A guest editorial 'Medicare rebates for midwives: An analysis of the 2009/2010 Federal Budget' appears in the September issue of the Journal of the Australian College of Midwives (ACM) (Women and Birth 2009, Volume 22 Issue 3). The authors are Liz Wilkes, Bruce Teakle, and Jenny Gamble - Queenslanders who are well known in maternity and midwifery activism. Liz is a privately practising midwife; Bruce is a homebirth dad and birth activist; and Jenny is a midwife academic.
This editorial explores some of the initial concerns that many midwives have expressed, both publicly and privately, about the wisdom and application of the government's 'reform' plans. The legislation sets conditions for midwife eligibility, including that the midwife be "appropriately qualified and experienced"; "working in collaboration with doctors"; under an "advanced midwifery credentialing framework".
The authors rightly note that the normal "full scope" of midwifery practice - which, incidentally, everyone who graduates with a midwifery qualification is supposed to be competent in - has been redefined as "advanced practice". They note that no other profession is required to be "working in collaboration" with another professional group as a separate requirement to their professional codes and competencies. And what does 'collaboration' mean? Watch this space - the definition has not been written yet. Likewise the meaning of "appropriately qualified and experienced", or the "advanced midwifery credentialing framework".

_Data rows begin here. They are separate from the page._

lemma binomial_ceiling_bound:
  assumes d: "0 < d" and \<epsilon>: "0 < \<epsilon>" "\<epsilon> \<le> 1" and m_def: "m = nat \<lceil>real d / \<epsilon>\<rceil>"
  shows "real (m choose d) \<le> real d ^ d / fact d * (1 / \<epsilon> - 1/2 * (1 - 3 / real d)) ^ d"
    and "d \<le> m" and "real d / real m \<le> \<epsilon>"
proof -
  define X where "X = 1 / \<epsilon> - 1/2 * (1 - 3 / real d)"
  have d_le: "real d \<le> real d / \<epsilon>" using d \<epsilon> by (simp add: field_simps)
  have m_ge: "real d / \<epsilon> \<le> real m" unfolding m_def by linarith
  have m_less: "real m < real d / \<epsilon> + 1" unfolding m_def using d_le by linarith
  show dm: "d \<le> m" using d_le m_ge by linarith
  show "real d / real m \<le> \<epsilon>" using m_ge d \<epsilon> dm by (simp add: field_simps)
  have "real d * X = real d / \<epsilon> - real d / 2 + 3 / 2"
    using d by (simp add: X_def field_simps)
  moreover have "real m - (real d - 1) / 2 = real m - real d / 2 + 1 / 2" by (simp add: field_simps)
  ultimately have "real m - (real d - 1) / 2 \<le> real d * X"
    using m_less by linarith
  then have "(real m - (real d - 1) / 2) ^ d \<le> (real d * X) ^ d"
    using dm by (intro power_mono) auto
  then have "real (m choose d) \<le> (real d * X) ^ d / fact d"
    using binomial_le_mean_power[OF d dm] by (meson divide_right_mono fact_ge_zero order_trans)
  then show "real (m choose d) \<le> real d ^ d / fact d * X ^ d"
    by (simp add: power_mult_distrib)
qed

lemma bound_le_powr:
  assumes "3 \<le> d" "0 < \<epsilon>" "\<epsilon> \<le> 1"
  shows "real d ^ d / fact d * (1 / \<epsilon> - 1/2 * (1 - 3 / real d)) ^ d
           \<le> real d ^ d / fact d * \<epsilon> powr (- real d)"
proof -
  define c where "c = 1/2 * (1 - 3 / real d)"
  have "0 \<le> c" "c \<le> 1/2" "1 \<le> 1 / \<epsilon>"
    using assms by (simp_all add: c_def field_simps)
  then have "(1 / \<epsilon> - c) ^ d \<le> (1 / \<epsilon>) ^ d"
    by (intro power_mono) linarith+
  also have "(1 / \<epsilon>) ^ d = \<epsilon> powr (- real d)"
    using assms by (simp add: powr_minus powr_realpow power_one_over inverse_eq_divide)
  finally show ?thesis unfolding c_def by (intro mult_left_mono) auto
qed

theorem mainTheorem5:
  fixes \<epsilon> :: real
  assumes "CARD('n::finite) \<ge> 3" and "0 < \<epsilon>" and "\<epsilon> \<le> 1"
  defines "d \<equiv> CARD('n)"
  shows "packing_number \<epsilon> (Cd :: (real^'n \<Rightarrow> real) set)
           \<le> bracketing_number \<epsilon> (Cd :: (real^'n \<Rightarrow> real) set)
       \<and> bracketing_number \<epsilon> (Cd :: (real^'n \<Rightarrow> real) set)
           \<le> ereal (real d ^ d / fact d * (1 / \<epsilon> - 1/2 * (1 - 3 / real d)) ^ d)
       \<and> real d ^ d / fact d * (1 / \<epsilon> - 1/2 * (1 - 3 / real d)) ^ d
           \<le> real d ^ d / fact d * \<epsilon> powr (- real d)"
proof -
  define m where "m = nat \<lceil>real d / \<epsilon>\<rceil>"
  have "0 < d" by (simp add: d_def)
  note binomial = binomial_ceiling_bound[OF this assms(2,3) m_def]
  have "bracketing_number \<epsilon> (Cd :: (real^'n \<Rightarrow> real) set) \<le> ereal (real (m choose d))"
    using bracketing_number_Cd_le_binomial[OF binomial(2,3)[unfolded d_def]]
    by (simp add: d_def)
  also have "\<dots> \<le> ereal (real d ^ d / fact d * (1 / \<epsilon> - 1/2 * (1 - 3 / real d)) ^ d)"
    using binomial(1) assms(2,3) by (simp add: d_def)
  finally show ?thesis
    using packing_number_le_bracketing_number bound_le_powr assms(1-3) unfolding d_def by blast
qed

end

While initially midwives expressed delight at the bravery of the Health Minister to open a pathway for publicly funded private midwifery practice, the draft legislation does not look good on closer scrutiny. It lacks attention to detail, and lacks understanding of the foundations of midwifery. In a bumbling effort to prevent "polarising the professions", the legislation has managed to discard all private midwifery practice as it currently exists, considering it 'controversial'.
I consider the best option at present would be to send it all back to the drawing board.
I have been involved in the call for reform of maternity services since the mid-1990s. 'Medicare for Midwives' has been a catchy slogan that many have taken up eagerly.
I have not supported 'Medicare for Midwives'. My argument has been that the Medicare system as we know it is NOT a suitable funding system for primary maternity care. Medicare fragments care into 'items' - fragments a woman into prenatal, intrapartum, and postnatal care, as most Australian women today experience. Medicare causes buck-passing between federal and state health departments. The federal health funding covers prenatal care through Medicare rebates to doctors, and the Medicare Safety Net. State and Territory health funding covers acute care for birth and the early postnatal days. This is the domain of the hospitals. The recipient of materntiy care is pushed from pillar to post - "that's not my problem, it's theirs'"!
Holistic primary maternity care by comparison is woman-centred, meaning that the pregnant woman/mother-baby dyad are central throughout the continuum of care. Midwives providing woman-centred care work with caseloads, or at the very least in small group practices. Notions of partnership between a woman and her known midwife, promotion of normal birth, and preventative measures - all of which are fundamental elements in the international definition of the midwife (ICM 2005), are nigh impossible in fragmented models of MEDI-care.
My objections to Medicare for basic maternity have not been allayed in any way since the draft legislation has been available. It is nonsensical to imagine that midwives will be able to set up private practices that are modeled on medical practice. Noone has even attempted to describe how a midwife will practice within this Medicare-funded fragmented scheme.
Reform, like any structure, cannot work without reliable foundations. The structural framework required for reform of midwifery is to agree firstly on the principles that define midwifery. This is not a matter for a committee of interest groups, dominated by medicine, under the direction of the Health Minister. Midwifery has been defined, and the definition has been refined and updated regularly by the International Confederation of Midwives.
I do not want to see the group of reform bills pass in their current form. They fail at the very foundational level. Australian women deserve a funded maternity system that works for them and their babies.